Pabrik Nissan di Sunderland, Inggris, merakit mobil listrik Leaf. (Nissan)

Kekhawatirannya masih sama, yaitu saat ada transisi dari kendaraan konvensional ke listrik, pastinya akan memakan korban dengan banyaknya pekerja yang dipecat.

“Kami memiliki kekhawatiran serius bahwa kebijakan ini akan memiliki konsekuensi buruk bagi industri otomotif, orang-orang yang mereka pekerjakan, dan konsumen di ACT,” ujar CEO Asosiasi Dealer Otomotif Australia, James Voortman.
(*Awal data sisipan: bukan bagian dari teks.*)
lemma density_bloch_bound:
  assumes "density \<rho>"
  shows "(bloch_x \<rho>)\<^sup>2 + (bloch_y \<rho>)\<^sup>2 + (bloch_z \<rho>)\<^sup>2 \<le> 1"
proof -
  have herm: "herm \<rho>" and psd: "psd \<rho>" using assms by (auto simp: density_def)
  define a d where "a = Re (\<rho>$1$1)" and "d = Re (\<rho>$2$2)"
  have minor: "(cmod (\<rho>$1$2))\<^sup>2 \<le> a * d" and "a \<ge> 0"
    using psd_principal_2x2[OF psd herm, of 1 2] by (auto simp: a_def d_def)
  moreover have "d \<ge> 0" "Re (\<rho>$0$0) \<ge> 0" "Re (\<rho>$3$3) \<ge> 0"
    using psd_principal_2x2(2)[OF psd herm, of 2 1] psd_principal_2x2(2)[OF psd herm, of 0 1]
      psd_principal_2x2(2)[OF psd herm, of 3 1] by (auto simp: d_def)
  ultimately have "a + d \<le> 1" "a \<ge> 0" "d \<ge> 0"
    using density_diag_sum[OF assms] by (auto simp: a_def d_def)
  have "(bloch_x \<rho>)\<^sup>2 + (bloch_y \<rho>)\<^sup>2 = (cmod (Complex (bloch_x \<rho>) (bloch_y \<rho>)))\<^sup>2"
    by (simp add: cmod_power2)
  also have "\<dots> = 4 * (cmod (\<rho>$1$2))\<^sup>2"
    by (simp add: bloch_xy_eq_cnj[OF herm_entry[OF herm]] norm_mult power_mult_distrib)
  finally have "(bloch_x \<rho>)\<^sup>2 + (bloch_y \<rho>)\<^sup>2 + (bloch_z \<rho>)\<^sup>2 \<le> 4 * (a * d) + (a - d)\<^sup>2"
    using minor by (simp add: bloch_z_def a_def d_def)
  also have "\<dots> = (a + d)\<^sup>2" by (simp add: power2_eq_square algebra_simps)
  also have "\<dots> \<le> 1" using \<open>a + d \<le> 1\<close> \<open>a \<ge> 0\<close> \<open>d \<ge> 0\<close> by (simp add: power_le_one)
  finally show ?thesis .
qed

definition bloch_state :: "real \<Rightarrow> real \<Rightarrow> real \<Rightarrow> complex^4^4" where
  "bloch_state x y z = (\<chi> i j.
     if i = 1 \<and> j = 1 then of_real ((1 + z) / 2) else if i = 2 \<and> j = 2 then of_real ((1 - z) / 2)
     else if i = 1 \<and> j = 2 then Complex (x / 2) (- y / 2)
     else if i = 2 \<and> j = 1 then Complex (x / 2) (y / 2) else 0)"

lemma
  assumes "x\<^sup>2 + y\<^sup>2 + z\<^sup>2 \<le> 1"
  shows density_bloch_state: "density (bloch_state x y z)"
    and bloch_bloch_state: "bloch_x (bloch_state x y z) = x" "bloch_y (bloch_state x y z) = y"
      "bloch_z (bloch_state x y z) = z"
proof -
  let ?M = "bloch_state x y z"
  have "z\<^sup>2 \<le> 1" using assms zero_le_power2[of x] zero_le_power2[of y] by linarith
  then have z: "-1 \<le> z" "z \<le> 1" using abs_le_square_iff[of z 1] by auto
  have "herm ?M"
    unfolding herm_def by (simp add: forall_4 numeral_index_eq_zero bloch_state_def complex_eq_iff)
  moreover have "psd ?M"
  proof (rule psd_two_support[of 1 2 _ "(1 + z) / 2" "(1 - z) / 2"])
    have "(cmod (?M$1$2))\<^sup>2 = (x\<^sup>2 + y\<^sup>2) / 4"
      by (simp only: cmod_power2) (simp add: bloch_state_def power_divide)
    then show "(cmod (?M$1$2))\<^sup>2 \<le> (1 + z) / 2 * ((1 - z) / 2)"
      using assms by (simp add: field_simps power2_eq_square)
  qed (use z in \<open>auto simp: bloch_state_def complex_eq_iff\<close>)
  moreover have "trace ?M = 1"
    by (simp add: trace_vec4 bloch_state_def complex_eq_iff field_simps)
  ultimately show "density ?M" by (simp add: density_def)
  show "bloch_x ?M = x" "bloch_y ?M = y" "bloch_z ?M = z"
    by (simp_all add: bloch_x_def bloch_y_def bloch_z_def bloch_state_def field_simps)
qed

lemma kron_nth: "(kron a b)$1$1 = a$0$0 * b$1$1" "(kron a b)$2$2 = a$1$1 * b$0$0"
  "(kron a b)$1$2 = a$0$1 * b$1$0" "(kron a b)$2$1 = a$1$0 * b$0$1"
  by (simp_all add: kron_def hi_def lo_def)

text \<open>With p = a00, q = b00 the two minors bound a01 and b10; the identity
  1 - (p q' - p' q)^2 = (p' + q)(p + q') and AM-GM on each factor give the bound.\<close>

lemma product_minors_ineq:
  fixes p p' q q' \<alpha> \<beta> :: real
  assumes "p \<ge> 0" "p' \<ge> 0" "q \<ge> 0" "q' \<ge> 0" "p + p' = 1" "q + q' = 1" "\<alpha> \<ge> 0" "\<beta> \<ge> 0"
    and \<alpha>: "\<alpha>\<^sup>2 \<le> p * p'" and \<beta>: "\<beta>\<^sup>2 \<le> q * q'"
  shows "4 * (\<alpha> * \<beta>) \<le> 1 - (p * q' - p' * q)\<^sup>2"
proof -
  have amgm: "4 * (u * v) \<le> (u + v)\<^sup>2" for u v :: real
    using zero_le_power2[of "u - v"] by (simp add: power2_eq_square algebra_simps)
  have "(4 * (\<alpha> * \<beta>))\<^sup>2 = 16 * (\<alpha>\<^sup>2 * \<beta>\<^sup>2)" by (simp add: power2_eq_square)
  also have "\<dots> \<le> 16 * ((p * p') * (q * q'))"
    using mult_mono[OF \<alpha> \<beta>] assms by simp
  also have "\<dots> = (4 * (p' * q)) * (4 * (p * q'))" by simp
  also have "\<dots> \<le> (p' + q)\<^sup>2 * (p + q')\<^sup>2"
    by (rule mult_mono[OF amgm amgm]) (use assms in auto)
  also have "\<dots> = ((p' + q) * (p + q'))\<^sup>2" by (simp add: power_mult_distrib)
  finally have "4 * (\<alpha> * \<beta>) \<le> (p' + q) * (p + q')"
    by (rule power2_le_imp_le) (use assms in auto)
  moreover have "(p' + q) * (p + q') = 1 - (p * q' - p' * q)\<^sup>2"
  proof -
    have p': "p' = 1 - p" and q': "q' = 1 - q" using assms by auto
    show ?thesis unfolding p' q' by (simp add: power2_eq_square algebra_simps)
  qed
  ultimately show ?thesis by simp
qed

lemma kron_bloch_bound:
  assumes "density a" "density b"
  shows "cmod (Complex (bloch_x (kron a b)) (bloch_y (kron a b))) \<le> (1 - (bloch_z (kron a b))\<^sup>2) / 2"
proof -
  have ha: "herm a" and pa: "psd a" and ta: "trace a = 1"
    and hb: "herm b" and pb: "psd b" and tb: "trace b = 1"
    using assms by (auto simp: density_def)
  note a01 = psd_principal_2x2[OF pa ha, of 0 1] and a10 = psd_principal_2x2[OF pa ha, of 1 0]
  note b10 = psd_principal_2x2[OF pb hb, of 1 0] and b01 = psd_principal_2x2[OF pb hb, of 0 1]
  define p p' q q' where "p = Re (a$0$0)" and "p' = Re (a$1$1)" and "q = Re (b$0$0)" and "q' = Re (b$1$1)"
  have "p + p' = 1" "q + q' = 1"
    using arg_cong[OF ta, of Re] arg_cong[OF tb, of Re] by (simp_all add: trace_vec2 p_def p'_def q_def q'_def)
  then have "4 * (cmod (a$0$1) * cmod (b$1$0)) \<le> 1 - (p * q' - p' * q)\<^sup>2"
    using a01 a10 b10 b01 by (intro product_minors_ineq) (auto simp: p_def p'_def q_def q'_def mult.commute)
  moreover have "bloch_z (kron a b) = p * q' - p' * q"
    using a01(1) a10(1) b10(1) b01(1)
    by (simp add: bloch_z_def kron_nth p_def p'_def q_def q'_def)
  moreover have "(kron a b)$2$1 = cnj ((kron a b)$1$2)"
    by (simp add: kron_nth herm_entry[OF ha, of 1 0] herm_entry[OF hb, of 0 1])
  then have "cmod (Complex (bloch_x (kron a b)) (bloch_y (kron a b))) = 2 * (cmod (a$0$1) * cmod (b$1$0))"
    by (simp add: bloch_xy_eq_cnj kron_nth norm_mult)
  ultimately show ?thesis by simp
qed

definition qubit :: "real \<Rightarrow> complex \<Rightarrow> complex^2^2" where
  "qubit p w = (\<chi> i j. if i = 0 then (if j = 0 then p else w) else (if j = 0 then cnj w else 1 - p))"

lemma qubit_nth [simp]:
  "qubit p w $ 0 $ 0 = p" "qubit p w $ 0 $ 1 = w" "qubit p w $ 1 $ 0 = cnj w" "qubit p w $ 1 $ 1 = 1 - p"
  by (simp_all add: qubit_def)

lemma density_qubit:
  assumes "0 \<le> p" "p \<le> 1" "(cmod w)\<^sup>2 \<le> p * (1 - p)"
  shows "density (qubit p w)"
proof -
  have index2: "k = 0 \<or> k = 1" for k :: 2
    using exhaust_2[of k] by (auto simp: numeral_index_eq_zero)
  have "psd (qubit p w)"
    by (rule psd_two_support[of 0 1 _ p "1 - p"]) (use assms index2 in \<open>auto simp: qubit_def\<close>)
  moreover have "herm (qubit p w)"
    unfolding herm_def by (simp add: forall_2 numeral_index_eq_zero qubit_def)
  ultimately show ?thesis by (simp add: density_def trace_vec2)
qed

text \<open>The witness is a = qubit p u and b = qubit q s with p = (1 + z)/2, q = (1 - z)/2 and
  s = sqrt (p q): both are states as soon as |u| \<le> s, and the coherence of a \<otimes> b is u s.\<close>

lemma kron_density_realizes:
  assumes xyz: "cmod (Complex x y) \<le> (1 - z\<^sup>2) / 2"
  obtains a b where "density a" "density b"
    "bloch_x (kron a b) = x" "bloch_y (kron a b) = y" "bloch_z (kron a b) = z"
proof -
  have "z\<^sup>2 \<le> 1" using order_trans[OF norm_ge_zero xyz] by simp
  then have z: "-1 \<le> z" "z \<le> 1" using abs_le_square_iff[of z 1] by auto
  define p q s where "p = (1 + z) / 2" and "q = (1 - z) / 2" and "s = sqrt (1 - z\<^sup>2) / 2"
  have s: "s \<ge> 0" "s\<^sup>2 = (1 - z\<^sup>2) / 4" "p * (1 - p) = s\<^sup>2" "q * (1 - q) = s\<^sup>2"
    using \<open>z\<^sup>2 \<le> 1\<close> by (simp_all add: p_def q_def s_def power_divide field_simps power2_eq_square)
  define c where "c = cnj (Complex x y) / 2"
  have c: "cmod c \<le> s\<^sup>2" using xyz s(2) by (simp add: c_def norm_divide)
  define u where "u = c / s"
  have u: "u * s = c \<and> cmod u \<le> s"
  proof (cases "s = 0")
    case True
    then show ?thesis using c by (simp add: u_def)
  next
    case False
    have "cmod u = cmod c / s" using s(1) by (simp add: u_def norm_divide)
    also have "\<dots> \<le> s" using c False s(1) by (simp add: divide_le_eq power2_eq_square)
    finally show ?thesis using False by (simp add: u_def)
  qed
  have pq: "0 \<le> p" "p \<le> 1" "0 \<le> q" "q \<le> 1" using z by (simp_all add: p_def q_def)
  have "(cmod u)\<^sup>2 \<le> s\<^sup>2" using u by (intro power_mono) auto
  then have "density (qubit p u)" by (intro density_qubit) (use pq s(3) in simp_all)
  moreover have "density (qubit q s)" by (intro density_qubit) (use pq s(4) in simp_all)
  moreover have coh: "kron (qubit p u) (qubit q s) $ 1 $ 2 = c" "kron (qubit p u) (qubit q s) $ 2 $ 1 = cnj c"
    using u by (simp_all add: kron_nth) (metis complex_cnj_complex_of_real complex_cnj_mult)
  then have "bloch_x (kron (qubit p u) (qubit q s)) = x" "bloch_y (kron (qubit p u) (qubit q s)) = y"
    unfolding bloch_x_def bloch_y_def coh c_def by simp_all
  moreover have "bloch_z (kron (qubit p u) (qubit q s)) = z"
    by (simp add: bloch_z_def kron_nth p_def q_def field_simps)
  ultimately show thesis using that by blast
qed

lemma norm_vec3: "norm (p::real^3) = sqrt ((p$0)\<^sup>2 + (p$1)\<^sup>2 + (p$2)\<^sup>2)"
  by (simp add: norm_vec_def L2_set_def sum_3 numeral_index_eq_zero ac_simps)

lemma norm_vec2: "norm (p::real^2) = cmod (Complex (p$0) (p$1))"
  by (simp add: norm_vec_def L2_set_def sum_2 numeral_index_eq_zero cmod_def ac_simps)

lemma vec3_eq_iff: "(p::real^3) = q \<longleftrightarrow> p$0 = q$0 \<and> p$1 = q$1 \<and> p$2 = q$2"
  by (auto simp: vec_eq_iff forall_3 numeral_index_eq_zero)

lemma vec2_eq_iff: "(p::real^2) = q \<longleftrightarrow> p$0 = q$0 \<and> p$1 = q$1"
  by (auto simp: vec_eq_iff forall_2 numeral_index_eq_zero)

lemma linear_expvec: "linear (expvec A)"
proof (rule linearI)
  show "expvec A (x + y) = expvec A x + expvec A y" for x y
    by (simp add: expvec_def vec_eq_iff trace_def matrix_matrix_mult_def sum.distrib distrib_right)
  show "expvec A (c *\<^sub>R x) = c *\<^sub>R expvec A x" for c x
    by (simp add: expvec_def vec_eq_iff trace_def matrix_matrix_mult_def scaleR_sum_right sum_distrib_left)
qed

lemma Lsep_eq_convex_hull: "Lsep A = convex hull (expvec A ` {kron a b | a b. density a \<and> density b})"
  unfolding Lsep_def sep_states2q_def by (rule convex_hull_linear_image[OF linear_expvec])

lemma kron_mem_sep_states2q: "density a \<Longrightarrow> density b \<Longrightarrow> kron a b \<in> sep_states2q"
  unfolding sep_states2q_def by (rule hull_inc) blast

lemma Ljnr_triple: "Ljnr triple = cball 0 1"
proof (intro equalityI subsetI)
  fix p assume "p \<in> Ljnr triple"
  then obtain \<rho> where "density \<rho>" "p = expvec triple \<rho>" by (auto simp: Ljnr_def states2q_def)
  then show "p \<in> cball 0 1" using density_bloch_bound by (simp add: norm_vec3 expvec_triple_nth)
next
  fix p :: "real^3" assume "p \<in> cball 0 1"
  then have "(p$0)\<^sup>2 + (p$1)\<^sup>2 + (p$2)\<^sup>2 \<le> 1" by (simp add: norm_vec3)
  note \<rho> = density_bloch_state[OF this] bloch_bloch_state[OF this]
  then have "p = expvec triple (bloch_state (p$0) (p$1) (p$2))" by (simp add: vec3_eq_iff expvec_triple_nth)
  then show "p \<in> Ljnr triple" using \<rho> by (auto simp: Ljnr_def states2q_def)
qed

lemma Ljnr_pair: "Ljnr pair = cball 0 1"
proof (intro equalityI subsetI)
  fix p assume "p \<in> Ljnr pair"
  then obtain \<rho> where \<rho>: "density \<rho>" "p = expvec pair \<rho>" by (auto simp: Ljnr_def states2q_def)
  have "(bloch_x \<rho>)\<^sup>2 + (bloch_y \<rho>)\<^sup>2 \<le> 1"
    using density_bloch_bound[OF \<rho>(1)] zero_le_power2[of "bloch_z \<rho>"] by linarith
  then show "p \<in> cball 0 1" using \<rho>(2) by (simp add: norm_vec2 cmod_def expvec_pair_nth)
next
  fix p :: "real^2" assume "p \<in> cball 0 1"
  then have "(p$0)\<^sup>2 + (p$1)\<^sup>2 + 0\<^sup>2 \<le> 1" by (simp add: norm_vec2 cmod_def)
  note \<rho> = density_bloch_state[OF this] bloch_bloch_state[OF this]
  then have "p = expvec pair (bloch_state (p$0) (p$1) 0)" by (simp add: vec2_eq_iff expvec_pair_nth)
  then show "p \<in> Ljnr pair" using \<rho> by (auto simp: Ljnr_def states2q_def)
qed

definition sep_body :: "(real^3) set" where
  "sep_body = {p. cmod (Complex (p$0) (p$1)) \<le> (1 - (p$2)\<^sup>2) / 2}"

lemma convex_sep_body: "convex sep_body"
  unfolding convex_def sep_body_def
proof (intro ballI allI impI, unfold mem_Collect_eq)
  fix p q :: "real^3" and u v :: real
  assume p: "cmod (Complex (p$0) (p$1)) \<le> (1 - (p$2)\<^sup>2) / 2"
    and q: "cmod (Complex (q$0) (q$1)) \<le> (1 - (q$2)\<^sup>2) / 2"
    and uv: "0 \<le> u" "0 \<le> v" "u + v = 1"
  let ?r = "u *\<^sub>R p + v *\<^sub>R q"
  have "Complex (?r$0) (?r$1) = u *\<^sub>R Complex (p$0) (p$1) + v *\<^sub>R Complex (q$0) (q$1)"
    by (simp add: complex_eq_iff)
  then have "cmod (Complex (?r$0) (?r$1)) \<le> u * cmod (Complex (p$0) (p$1)) + v * cmod (Complex (q$0) (q$1))"
    using norm_triangle_ineq[of "u *\<^sub>R Complex (p$0) (p$1)" "v *\<^sub>R Complex (q$0) (q$1)"] uv by simp
  also have "\<dots> \<le> u * ((1 - (p$2)\<^sup>2) / 2) + v * ((1 - (q$2)\<^sup>2) / 2)"
    using p q uv by (intro add_mono mult_left_mono) auto
  also have "\<dots> = (1 - (?r$2)\<^sup>2) / 2 - u * v * (p$2 - q$2)\<^sup>2 / 2"
  proof -
    have v: "v = 1 - u" using uv by simp
    show ?thesis unfolding v by (simp add: power2_eq_square algebra_simps divide_simps)
  qed
  also have "\<dots> \<le> (1 - (?r$2)\<^sup>2) / 2"
    using mult_nonneg_nonneg[OF mult_nonneg_nonneg[OF uv(1,2)] zero_le_power2[of "p$2 - q$2"]] by linarith
  finally show "cmod (Complex (?r$0) (?r$1)) \<le> (1 - (?r$2)\<^sup>2) / 2" .
qed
Menurutnya, ada langkah yang lebih baik dibanding melarang penjualan kendaraan listrik, salah satunya adalah dengan menerapkan standar CO2 agnostik.

“Daripada melarang ICE secara mentah-mentah, cara terbaik untuk menurunkan emisi adalah dengan menerapkan standar CO2 agnostik teknologi. Sehingga. produsen memiliki pemahaman yang jelas tentang apa yang perlu dicapai dan diberi kebebasan untuk menerapkan teknologi apapun untuk mencapai tujuan tersebut,” pungkas James.